--- INSTRUCTIONS FOR THE TASK ---
Select, from the material below, each line with "thesis" in it.

--- SUPPLIED MATERIAL ---
lemma stratum_event_sets:
  assumes "S1 \<in> measurable M (count_space UNIV)" "S0 \<in> measurable M (count_space UNIV)"
  shows "stratum_event M S1 S0 u \<in> sets M"
proof -
  have "stratum_event M S1 S0 u = (S1 -` {fst u} \<inter> space M) \<inter> (S0 -` {snd u} \<inter> space M)"
    by (auto simp: stratum_event_def)
  then show ?thesis
    using measurable_sets[OF assms(1)] measurable_sets[OF assms(2)] by auto
qed

lemma stratum_events_partition:
  assumes "\<forall>\<omega>\<in>space M. S1 \<omega> \<in> {0, 1}" "AE \<omega> in M. S0 \<omega> = 0"
  shows "AE \<omega> in M. indicator (stratum_event M S1 S0 (1, 0)) \<omega>
                     + indicator (stratum_event M S1 S0 (0, 0)) \<omega> = (1::real)"
  using assms(2) AE_space
  by eventually_elim (use assms(1) in \<open>auto simp: stratum_event_def indicator_def\<close>)

lemma (in finite_measure_subalgebra) real_cond_exp_indicator_add_eq_1:
  assumes "A \<in> sets M" "B \<in> sets M"
    and "AE x in M. indicator A x + indicator B x = (1::real)"
  shows "AE x in M. real_cond_exp M F (indicator A) x + real_cond_exp M F (indicator B) x = 1"
proof -
  have "integrable M (indicator A :: 'a \<Rightarrow> real)" "integrable M (indicator B :: 'a \<Rightarrow> real)"
    using assms(1,2) by (auto intro!: integrable_real_indicator simp: less_top[symmetric])
  then have "AE x in M. real_cond_exp M F (\<lambda>x. indicator A x + indicator B x) x
                 = real_cond_exp M F (indicator A) x + real_cond_exp M F (indicator B) x"
    by (rule real_cond_exp_add)
  moreover have "AE x in M. real_cond_exp M F (\<lambda>x. indicator A x + indicator B x) x
                     = real_cond_exp M F (\<lambda>x. 1) x"
    using assms by (intro real_cond_exp_cong) auto
  moreover have "AE x in M. real_cond_exp M F (\<lambda>x. 1) x = (1::real)"
    by (rule real_cond_exp_F_meas) auto
  ultimately show ?thesis
    by eventually_elim simp
qed

lemma cond_prob_stratum_eq_score:
  assumes u: "u \<in> {(1, 0), (0, 0)}" and score: "is_principal_score M S1 S0 X MX u e"
    and sum: "AE \<omega> in M. real_cond_exp M (gen_sigma M X MX) (indicator (stratum_event M S1 S0 (1, 0))) \<omega>
                       + real_cond_exp M (gen_sigma M X MX) (indicator (stratum_event M S1 S0 (0, 0))) \<omega> = 1"
  shows "AE \<omega> in M. real_cond_exp M (gen_sigma M X MX) (indicator (stratum_event M S1 S0 (1, 0))) \<omega>
                     = (if u = (1, 0) then e (X \<omega>) else 1 - e (X \<omega>))"
proof -
  have score_eq: "AE \<omega> in M.
      e (X \<omega>) = real_cond_exp M (gen_sigma M X MX) (indicator (stratum_event M S1 S0 u)) \<omega>"
    using score unfolding is_principal_score_def by simp
  from u show ?thesis
  proof (elim insertE emptyE)
    assume u: "u = (1, 0)"
    from score_eq[unfolded u] show ?thesis
      by (auto simp: u elim: AE_mp)
  next
    assume u: "u = (0, 0)"
    from score_eq[unfolded u] sum show ?thesis
      by eventually_elim (simp add: u)
  qed
qed

lemma (in sigma_finite_subalgebra) real_cond_exp_nested_eq:
  assumes "subalgebra M H" "subalgebra H F" "integrable M f"
    and "AE x in M. real_cond_exp M H f x = g x" "g \<in> borel_measurable F"
  shows "AE x in M. real_cond_exp M F f x = g x"
proof -
  interpret H: sigma_finite_subalgebra M H
    using nested_subalg_is_sigma_finite[OF assms(1,2)] .
  have g_M: "g \<in> borel_measurable M"
    using measurable_from_subalg[OF subalg assms(5)] .
  have "integrable M g"
    using integrable_cong_AE[OF _ g_M assms(4)] H.real_cond_exp_int(1)[OF assms(3)] by simp
  then have "AE x in M. real_cond_exp M F g x = g x"
    using assms(5) by (rule real_cond_exp_F_meas)
  moreover have "AE x in M. real_cond_exp M F (real_cond_exp M H f) x = real_cond_exp M F g x"
    using assms(4) g_M by (intro real_cond_exp_cong) auto
  moreover have "AE x in M. real_cond_exp M F (real_cond_exp M H f) x = real_cond_exp M F f x"
    using assms(1-3) by (rule real_cond_exp_nested_subalg)
  ultimately show ?thesis
    by eventually_elim simp
qed

lemma (in sigma_finite_subalgebra) real_cond_exp_nested_mult:
  assumes "subalgebra M H" "subalgebra H F" "integrable M f" "integrable M g"
    and "AE x in M. real_cond_exp M H f x = h x * real_cond_exp M H g x" "h \<in> borel_measurable F"
  shows "AE x in M. real_cond_exp M F f x = h x * real_cond_exp M F g x"
proof -
  interpret H: sigma_finite_subalgebra M H
    using nested_subalg_is_sigma_finite[OF assms(1,2)] .
  have [measurable]: "h \<in> borel_measurable M"
    using measurable_from_subalg[OF subalg assms(6)] .
  have "integrable M (\<lambda>x. h x * real_cond_exp M H g x)"
    by (rule integrable_cong_AE_imp[OF H.real_cond_exp_int(1)[OF assms(3)] _ assms(5)]) measurable
  then have "AE x in M. real_cond_exp M F (\<lambda>x. h x * real_cond_exp M H g x) x
                 = h x * real_cond_exp M F (real_cond_exp M H g) x"
    using assms(6) by (intro real_cond_exp_mult) auto
  moreover have "AE x in M. real_cond_exp M F (real_cond_exp M H f) x
                     = real_cond_exp M F (\<lambda>x. h x * real_cond_exp M H g x) x"
    using assms(5) by (intro real_cond_exp_cong) auto
  moreover have "AE x in M. real_cond_exp M F (real_cond_exp M H f) x = real_cond_exp M F f x"
    using assms(1-3) by (rule real_cond_exp_nested_subalg)
  moreover have "AE x in M. real_cond_exp M F (real_cond_exp M H g) x = real_cond_exp M F g x"
    using assms(1,2,4) by (rule real_cond_exp_nested_subalg)
  ultimately show ?thesis
    by eventually_elim simp
qed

--- WRITTEN SOLUTION ---
  then show ?thesis
  ultimately show ?thesis
  from u show ?thesis
    from score_eq[unfolded u] show ?thesis
    from score_eq[unfolded u] sum show ?thesis
  ultimately show ?thesis
  ultimately show ?thesis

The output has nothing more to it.